Robert Pirsig in his world famous classic Zen and The Art of Motorcycle Maintenance shares the experience of his disillusionment with science when he was an undergraduate university student.
Pirsig’s Law
Pirsig noted a curious fact about doing research in his biochemistry lab. He found that the easiest part of experimentation is the thinking up of plausible hypotheses that may explain the phenomenon in question. Moreover, as he attempted to take up these hypotheses one by one and test them, their number did not decrease. Rather, it kept increasing!
Initially, Pirsig took a humorous view of the situation and even stated a law to express it:
“The number of rational hypotheses that can explain any given phenomenon is infinite.” (p. 139)
While this law is certainly not rigorously defended, the main point is that at any given point of time more hypotheses can be generated to explain a given phenomenon than can be tested. But if all hypotheses cannot be tested (because their number keeps increasing as experimentation continues) than the result of any single experiment at a given point of time is actually inconclusive: Which is to say that all scientific truth is relative, a function of time.
The nature of scientific method
When we closely inspect the nature of scientific method, it is easy to see why any scientific truth must be relative. Scientific method rests on a form of reasoning called as the hypothetico-deductive model. The model entails the following steps in any scientific inquiry:
1. You look at a problem (an unexplainable phenomenon) and first look for any previous explanations.
2. If no previous explanation is available, you construct and state an explanation yourself (the theory).
3. Next, you derive one or more very specific consequence(s) (the hypotheses) that follows from the explanation in the step #2.
4. Finally, you test the hypothesis by collecting data and seeing whether they fit the opposite of the hypothesis in question.
This last point may well be unclear to those not familiar with scientific research, so here I go again:
The hypothesis from step 3 is called as the research hypothesis (also termed as the alternative hypothesis), the one that the experimenter is really interested in.

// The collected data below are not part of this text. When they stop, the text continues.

(* Let $G\le\mathrm{O}(d)$ be finite, $z_1,\ldots,z_n\in\mathbb{R}^d$, $x\in\bigcap_{i=1}^nQ_{z_i}$, and $y\in\mathbb{R}^d$. Then: (a) for every $i\in\{1,\ldots,n\}$, the set $\arg\max_{p\in[z_i]}\langle p,x\rangle$ consists of a single element, denoted $v_i(x)$; (b) the set $\mathcal{F}(x,y)$ of functions $f:\{1,\ldots,n\}\to[y]$ satisfying $f(i)\in S(x,y)\cap\arg\max_{q\in[y]}\langle q,v_i(x)\rangle$ for all $i$ is nonempty.
   Context: For $x\in\mathbb{R}^d$, $[x]:=\{gx:g\in G\}$. The open Voronoi cell $V_x$ is the set of $y\in\mathbb{R}^d$ such that $x$ is the unique maximizer of $\langle p,y\rangle$ over $p\in[x]$; $Q_x:=\bigcup_{p\in[x]}V_p$. For $x,y\in\mathbb{R}^d$, $S(x,y):=\{q\in[y]:V_q\cap V_x\ne\varnothing\}$. *)

theory Defs
  imports "HOL-Analysis.Analysis"
begin

definition finite_orth_group :: "(real^'d^'d) set \<Rightarrow> bool" where
  "finite_orth_group G \<longleftrightarrow> finite G \<and> (\<forall>g\<in>G. orthogonal_matrix g) \<and> mat 1 \<in> G
     \<and> (\<forall>g\<in>G. \<forall>h\<in>G. g ** h \<in> G) \<and> (\<forall>g\<in>G. matrix_inv g \<in> G)"

definition orbit :: "(real^'d^'d) set \<Rightarrow> real^'d \<Rightarrow> (real^'d) set" where
  "orbit G x = {g *v x | g. g \<in> G}"

definition voronoi :: "(real^'d^'d) set \<Rightarrow> real^'d \<Rightarrow> (real^'d) set" where
  "voronoi G x = {y. (\<forall>p\<in>orbit G x. p \<noteq> x \<longrightarrow> inner p y < inner x y)}"

definition Qcell :: "(real^'d^'d) set \<Rightarrow> real^'d \<Rightarrow> (real^'d) set" where
  "Qcell G x = (\<Union>p\<in>orbit G x. voronoi G p)"

definition Sset :: "(real^'d^'d) set \<Rightarrow> real^'d \<Rightarrow> real^'d \<Rightarrow> (real^'d) set" where
  "Sset G x y = {q \<in> orbit G y. voronoi G q \<inter> voronoi G x \<noteq> {}}"

definition argmax_inner :: "(real^'d) set \<Rightarrow> real^'d \<Rightarrow> (real^'d) set" where
  "argmax_inner A w = {p \<in> A. \<forall>p'\<in>A. inner p' w \<le> inner p w}"

end

theory Submission
  imports Defs
begin

text \<open>Part (a): \<open>x \<in> V\<^sub>p\<close> for some \<open>p \<in> [z\<^sub>i]\<close> says that \<open>p\<close> is the unique maximiser of
  \<open>\<langle>-, x\<rangle>\<close> on \<open>[p] = [z\<^sub>i]\<close>. Part (b): given \<open>x \<in> V\<^sub>v\<close>, pick \<open>q \<in> [y]\<close> maximising
  \<open>\<langle>q, v\<rangle>\<close>, ties broken by maximising \<open>\<langle>q, x\<rangle>\<close>. For small \<open>t > 0\<close> the point
  \<open>u = v + t x + t\<^sup>2 q\<close> lies in \<open>V\<^sub>q\<close>, because on \<open>[y]\<close> the functionals \<open>\<langle>-, v\<rangle>\<close>, \<open>\<langle>-, x\<rangle>\<close>,
  \<open>\<langle>-, q\<rangle>\<close> are compared lexicographically and the last one is strictly maximised at \<open>q\<close>
  since \<open>[y]\<close> lies on a sphere. It also lies in \<open>V\<^sub>x\<close>: \<open>\<langle>g x, v\<rangle> = \<langle>x, g\<inverse> v\<rangle> \<le> \<langle>x, v\<rangle>\<close>
  as \<open>x \<in> V\<^sub>v\<close>, and \<open>\<langle>g x, x\<rangle> < \<langle>x, x\<rangle>\<close> for \<open>g x \<noteq> x\<close>. Hence \<open>q \<in> S(x, y)\<close>.\<close>

lemma inner_matrix_vector_transpose:
  fixes g :: "real^'d^'d"
  shows "inner (g *v a) b = inner a (transpose g *v b)"
  by (metis dot_lmul_matrix inner_commute transpose_matrix_vector)

lemma orthogonal_matrix_inner:
  fixes g :: "real^'d^'d"
  assumes "orthogonal_matrix g"
  shows "inner (g *v a) (g *v b) = inner a b"
  using assms
  by (simp add: inner_matrix_vector_transpose matrix_vector_mul_assoc orthogonal_matrix_def)

lemma orthogonal_matrix_inv_eq_transpose:
  fixes g :: "real^'d^'d"
  assumes "orthogonal_matrix g"
  shows "matrix_inv g = transpose g"
proof -
  let ?M = "matrix_inv g"
  have g_transpose: "g ** transpose g = mat 1 \<and> transpose g ** g = mat 1"
    using assms by (simp add: orthogonal_matrix_def)
  then have M_inverse: "g ** ?M = mat 1 \<and> ?M ** g = mat 1"
    unfolding matrix_inv_def by (rule someI)
  have "?M = ?M ** (g ** transpose g)"
    using g_transpose by simp
  also have "\<dots> = (?M ** g) ** transpose g"
    by (simp add: matrix_mul_assoc)
  finally show ?thesis
    using M_inverse by simp
qed

lemma finite_orth_group_orthogonal:
  "finite_orth_group G \<Longrightarrow> g \<in> G \<Longrightarrow> orthogonal_matrix g"
  unfolding finite_orth_group_def by blast

lemma finite_orth_group_transpose:
  assumes "finite_orth_group G" "g \<in> G"
  shows "transpose g \<in> G"
  using assms orthogonal_matrix_inv_eq_transpose[OF finite_orth_group_orthogonal[OF assms]]
  unfolding finite_orth_group_def by metis

lemma orbit_self:
  "finite_orth_group G \<Longrightarrow> z \<in> orbit G z"
  unfolding finite_orth_group_def orbit_def by (metis (mono_tags) matrix_vector_mul_lid mem_Collect_eq)

lemma finite_orbit:
  "finite_orth_group G \<Longrightarrow> finite (orbit G z)"
  unfolding finite_orth_group_def orbit_def by (simp add: setcompr_eq_image)

lemma orbit_subset:
  assumes "finite_orth_group G" "p \<in> orbit G z"
  shows "orbit G p \<subseteq> orbit G z"
  using assms unfolding orbit_def finite_orth_group_def
  by (auto simp: matrix_vector_mul_assoc)

lemma orbit_sym:
  assumes G: "finite_orth_group G" and "p \<in> orbit G z"
  shows "z \<in> orbit G p"
proof -
  obtain g where "g \<in> G" "p = g *v z"
    using assms(2) unfolding orbit_def by auto
  then have "transpose g \<in> G" "z = transpose g *v p"
    using finite_orth_group_transpose[OF G] finite_orth_group_orthogonal[OF G]
    by (auto simp: matrix_vector_mul_assoc orthogonal_matrix_def)
  then show ?thesis
    unfolding orbit_def by blast
qed

lemma orbit_eq:
  "finite_orth_group G \<Longrightarrow> p \<in> orbit G z \<Longrightarrow> orbit G p = orbit G z"
  by (meson orbit_subset orbit_sym subset_antisym)

lemma inner_self_orbit:
  "finite_orth_group G \<Longrightarrow> p \<in> orbit G z \<Longrightarrow> inner p p = inner z z"
  unfolding orbit_def by (auto simp: orthogonal_matrix_inner finite_orth_group_orthogonal)

lemma inner_less_inner_self:
  fixes p q :: "'a::real_inner"
  assumes "inner p p = inner q q" "p \<noteq> q"
  shows "inner p q < inner q q"
proof -
  have "0 < inner (p - q) (p - q)"
    using assms(2) by simp
  also have "inner (p - q) (p - q) = inner p p - 2 * inner p q + inner q q"
    by (simp add: inner_diff inner_commute)
  finally show ?thesis
    using assms(1) by simp
qed

lemma inner_orbit_le_if_voronoi:
  assumes G: "finite_orth_group G" and "x \<in> voronoi G v" "p \<in> orbit G x"
  shows "inner p v \<le> inner x v"
proof -
  obtain g where g: "g \<in> G" "p = g *v x"
    using assms(3) unfolding orbit_def by auto
  have "transpose g *v v \<in> orbit G v"
    using finite_orth_group_transpose[OF G g(1)] unfolding orbit_def by blast
  then have "inner (transpose g *v v) x \<le> inner v x"
    using assms(2) unfolding voronoi_def by (cases "transpose g *v v = v") auto
  moreover have "inner p v = inner (transpose g *v v) x"
    using g(2) inner_matrix_vector_transpose inner_commute by metis
  ultimately show ?thesis
    by (simp add: inner_commute)
qed

lemma argmax_inner_subset: "argmax_inner A w \<subseteq> A"
  unfolding argmax_inner_def by blast

lemma argmax_inner_nonempty:
  assumes "finite A" "A \<noteq> {}"
  shows "argmax_inner A w \<noteq> {}"
proof -
  obtain q where q: "q \<in> A" "Max ((\<lambda>p. inner p w) ` A) = inner q w"
    using obtains_MAX[OF assms] by metis
  have "inner p w \<le> inner q w" if "p \<in> A" for p
    using assms(1) that q(2)[symmetric] by simp
  then have "q \<in> argmax_inner A w"
    using q(1) unfolding argmax_inner_def by blast
  then show ?thesis
    by blast
qed

lemma argmax_inner_eq_singleton_if_voronoi:
  assumes "finite_orth_group G" "p \<in> orbit G z" "x \<in> voronoi G p"
  shows "argmax_inner (orbit G z) x = {p}"
proof -
  have "inner q x < inner p x" if "q \<in> orbit G z" "q \<noteq> p" for q
    using assms that orbit_eq[OF assms(1,2)] unfolding voronoi_def by auto
  then show ?thesis
    using assms(2) unfolding argmax_inner_def by (force intro: less_imp_le)
qed

lemma eventually_lex_neg_quadratic_at_right:
  fixes a b c :: real
  assumes "a < 0 \<or> a = 0 \<and> (b < 0 \<or> b = 0 \<and> c < 0)"
  shows "\<forall>\<^sub>F t in at_right 0. a + t * b + t\<^sup>2 * c < 0"
proof -
  have pos: "\<forall>\<^sub>F t in at_right (0::real). t > 0"
    by (simp add: eventually_at_right_less)
  consider "a < 0" | "a = 0" "b < 0" | "a = 0" "b = 0" "c < 0"
    using assms by blast
  then show ?thesis
  proof cases
    case 1
    have "((\<lambda>t::real. a + t * b + t\<^sup>2 * c) \<longlongrightarrow> a + 0 * b + 0\<^sup>2 * c) (at_right 0)"
      by (intro tendsto_intros)
    then show ?thesis
      using 1 by (simp add: order_tendstoD(2))
  next
    case 2
    have "((\<lambda>t::real. b + t * c) \<longlongrightarrow> b + 0 * c) (at_right 0)"
      by (intro tendsto_intros)
    then have "\<forall>\<^sub>F t in at_right 0. b + t * c < 0"
      using 2 by (simp add: order_tendstoD(2))
    with pos show ?thesis
    proof eventually_elim
      case (elim t)
      then have "t * (b + t * c) < 0"
        by (simp add: mult_pos_neg)
      then show ?case
        using 2 by (simp add: algebra_simps power2_eq_square)
    qed
  next
    case 3
    from pos show ?thesis
      by eventually_elim (use 3 in \<open>simp add: mult_pos_neg\<close>)
  qed
qed

lemma eventually_strict_max_perturbed:
  fixes A :: "'a::real_inner set"
  assumes "finite A"
    and lex: "\<And>q. q \<in> A \<Longrightarrow> q \<noteq> a \<Longrightarrow> inner (q - a) v < 0 \<or> inner (q - a) v = 0
      \<and> (inner (q - a) x < 0 \<or> inner (q - a) x = 0 \<and> inner (q - a) w < 0)"
  shows "\<forall>\<^sub>F t in at_right 0. \<forall>q\<in>A. q \<noteq> a \<longrightarrow>
    inner q (v + t *\<^sub>R x + t\<^sup>2 *\<^sub>R w) < inner a (v + t *\<^sub>R x + t\<^sup>2 *\<^sub>R w)"
proof (rule eventually_ball_finite[OF assms(1)], intro ballI)
  fix q assume "q \<in> A"
  show "\<forall>\<^sub>F t in at_right 0. q \<noteq> a \<longrightarrow>
    inner q (v + t *\<^sub>R x + t\<^sup>2 *\<^sub>R w) < inner a (v + t *\<^sub>R x + t\<^sup>2 *\<^sub>R w)"
  proof (cases "q = a")
    case False
    then have "\<forall>\<^sub>F t in at_right 0. inner (q - a) v + t * inner (q - a) x + t\<^sup>2 * inner (q - a) w < 0"
      using lex[OF \<open>q \<in> A\<close>] by (intro eventually_lex_neg_quadratic_at_right) blast
    then show ?thesis
      by eventually_elim (simp add: inner_diff_left inner_add_right algebra_simps)
  qed simp
qed

lemma Sset_inter_argmax_inner_nonempty:
  assumes G: "finite_orth_group G" and x: "x \<in> voronoi G v"
  shows "Sset G x y \<inter> argmax_inner (orbit G y) v \<noteq> {}"
proof -
  let ?M = "argmax_inner (orbit G y) v"
  have "?M \<noteq> {}"
    using argmax_inner_nonempty finite_orbit[OF G] orbit_self[OF G] by blast
  moreover have "finite ?M"
    using argmax_inner_subset finite_orbit[OF G] by (rule finite_subset)
  ultimately obtain q where q: "q \<in> argmax_inner ?M x"
    using argmax_inner_nonempty by blast
  then have qM: "q \<in> ?M" and qy: "q \<in> orbit G y"
    using argmax_inner_subset by blast+
  define u where "u t = v + t *\<^sub>R x + t\<^sup>2 *\<^sub>R q" for t :: real
  have "\<forall>\<^sub>F t in at_right 0. \<forall>p\<in>orbit G y. p \<noteq> q \<longrightarrow> inner p (u t) < inner q (u t)"
    unfolding u_def
  proof (rule eventually_strict_max_perturbed[OF finite_orbit[OF G]])
    fix p assume p: "p \<in> orbit G y" "p \<noteq> q"
    have "inner p v \<le> inner q v" "inner p v = inner q v \<Longrightarrow> inner p x \<le> inner q x"
      using p(1) qM q unfolding argmax_inner_def by auto
    moreover have "inner p q < inner q q"
      using inner_less_inner_self p inner_self_orbit[OF G] qy by metis
    ultimately show "inner (p - q) v < 0 \<or> inner (p - q) v = 0
      \<and> (inner (p - q) x < 0 \<or> inner (p - q) x = 0 \<and> inner (p - q) q < 0)"
      by (auto simp: inner_diff_left)
  qed
  moreover have "\<forall>\<^sub>F t in at_right 0. \<forall>p\<in>orbit G x. p \<noteq> x \<longrightarrow> inner p (u t) < inner x (u t)"
    unfolding u_def
  proof (rule eventually_strict_max_perturbed[OF finite_orbit[OF G]])
    fix p assume p: "p \<in> orbit G x" "p \<noteq> x"
    have "inner p v \<le> inner x v"
      using inner_orbit_le_if_voronoi[OF G x p(1)] .
    moreover have "inner p x < inner x x"
      using inner_less_inner_self p inner_self_orbit[OF G] by metis
    ultimately show "inner (p - x) v < 0 \<or> inner (p - x) v = 0
      \<and> (inner (p - x) x < 0 \<or> inner (p - x) x = 0 \<and> inner (p - x) q < 0)"
      by (auto simp: inner_diff_left)
  qed
  ultimately obtain t where
      "\<forall>p\<in>orbit G y. p \<noteq> q \<longrightarrow> inner p (u t) < inner q (u t)"
      "\<forall>p\<in>orbit G x. p \<noteq> x \<longrightarrow> inner p (u t) < inner x (u t)"
    using eventually_happens'[OF trivial_limit_at_right_real eventually_conj] by blast
  then have "u t \<in> voronoi G q" "u t \<in> voronoi G x"
    unfolding voronoi_def orbit_eq[OF G qy] by blast+
  then have "q \<in> Sset G x y"
    using qy unfolding Sset_def by blast
  then show ?thesis
    using qM by blast
qed

theorem corollary19:
  fixes G :: "(real^'d^'d) set" and z :: "nat \<Rightarrow> real^'d" and n :: nat
    and x y :: "real^'d"
  assumes "finite_orth_group G"
    and "x \<in> (\<Inter>i\<in>{1..n}. Qcell G (z i))"
  shows "(\<forall>i\<in>{1..n}. \<exists>!p. p \<in> argmax_inner (orbit G (z i)) x)
     \<and> (\<exists>f \<in> {1..n} \<rightarrow>\<^sub>E orbit G y. \<forall>i\<in>{1..n}.
          f i \<in> Sset G x y \<inter>
                argmax_inner (orbit G y) (THE p. p \<in> argmax_inner (orbit G (z i)) x))"
proof -
  have "\<forall>i\<in>{1..n}. \<exists>p. p \<in> orbit G (z i) \<and> x \<in> voronoi G p"
    using assms(2) unfolding Qcell_def by blast
  then obtain v where v: "\<And>i. i \<in> {1..n} \<Longrightarrow> v i \<in> orbit G (z i) \<and> x \<in> voronoi G (v i)"
    by metis
  have argmax: "argmax_inner (orbit G (z i)) x = {v i}" if "i \<in> {1..n}" for i
    using argmax_inner_eq_singleton_if_voronoi[OF assms(1)] v[OF that] by blast
  then have unique: "\<forall>i\<in>{1..n}. \<exists>!p. p \<in> argmax_inner (orbit G (z i)) x"
    by simp
  have THE_argmax: "(THE p. p \<in> argmax_inner (orbit G (z i)) x) = v i" if "i \<in> {1..n}" for i
    using argmax[OF that] by simp
  have "\<exists>q. q \<in> Sset G x y \<inter> argmax_inner (orbit G y) (v i)" if "i \<in> {1..n}" for i
    using Sset_inter_argmax_inner_nonempty[OF assms(1) conjunct2[OF v[OF that]]] by blast
  then obtain f where f: "\<And>i. i \<in> {1..n} \<Longrightarrow> f i \<in> Sset G x y \<inter> argmax_inner (orbit G y) (v i)"
    by metis
  have "restrict f {1..n} \<in> {1..n} \<rightarrow>\<^sub>E orbit G y"
    using f unfolding Sset_def by auto
  moreover have "\<forall>i\<in>{1..n}. restrict f {1..n} i \<in> Sset G x y \<inter>
      argmax_inner (orbit G y) (THE p. p \<in> argmax_inner (orbit G (z i)) x)"
    using f THE_argmax by simp
  ultimately show ?thesis
    using unique by blast
qed

end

For every research hypothesis, its corresponding opposite, the null hypothesis, is actually what is tested.
For example if the research hypothesis is “Tomato plants exhibit a higher rate of growth when planted in compost rather than in soil” then the null hypothesis would be “tomato plants do not exhibit a higher rate of growth when planted in compost rather than in soil”.
The experimenter really tests this null hypothesis. If the data do not fit the null hypothesis, it is rejected and the alternative hypothesis is then accepted.
No absolute proof for the research hypothesis
It is clear from the above explication that the scientific method can never really prove any given consequence (step #3) drawn from a given explanation (step #2). All it can do is to prove that the literal opposite of the research hypothesis does not conform to the observed variation in data.
This is what Christiaan Huygens meant when he said: “I believe that we do not know anything for certain, but everything probably.” Albert Einstein expressed the same idea more precisely: “No amount of experimentation can ever prove me right; a single experiment can prove me wrong.” [Source for both quotes is the wikipedia page on the Scientific Method.]
Since the evidence is really not in favor of any single explanation, a multitude of explanations can be surmised. It will be a matter of time before the currently favored explanation for any given phenomenon is ultimately disproven, with another alternative hypothesis taking its place.
Scientific truth as a function of time
This leads us directly to scientific relativism. Throughout the history of science, new and changing explanations have emerged for old facts. Explanations remained “true” for a certain period of time and were finally replaced by a newer truth. As Pirsig observes: Some scientific truths seemed to last for centuries, others for less than a year.
Authors, J. A. Fodor and Z. W. Pylyshyn made a similar observation with reference to a theory of perception: “Even in the respectable sciences, empirical knowledge is forever going reformulation, and any generation’s pet theories are likely to look naive when viewed from the perspective of thirty or forty years on.”
Pirsig additionally observes: “the scientific truths of the twentieth century seem to have a much shorter life-span than those of the last century because scientific activity is now much greater”. Thus the greater the number of hypotheses, the greater the amount of activity to test them, with ever increasing stimulation of more and more hypotheses. Instead of selecting one truth from a multitude you are increasing the multitude.
Is the Explainer of Chaos it’s Producer?
The ultimate conclusions Pirsig reaches about science are rather interesting, definitely harsh and, in my personal opinion, certainly true.
Through multiplication upon multiplication of facts, information, theories and hypotheses it is science itself that is leading mankind from single absolute truths to multiple, indeterminate, relative ones. The major producer of the social chaos, the indeterminacy of thoughts and values that rational knowledge is supposed to eliminate, is none other than science itself.
Pirsig’s final verdict on rationality:
It begins to be seen for what it really is–emotionally hollow, esthetically meaningless, and spiritually empty.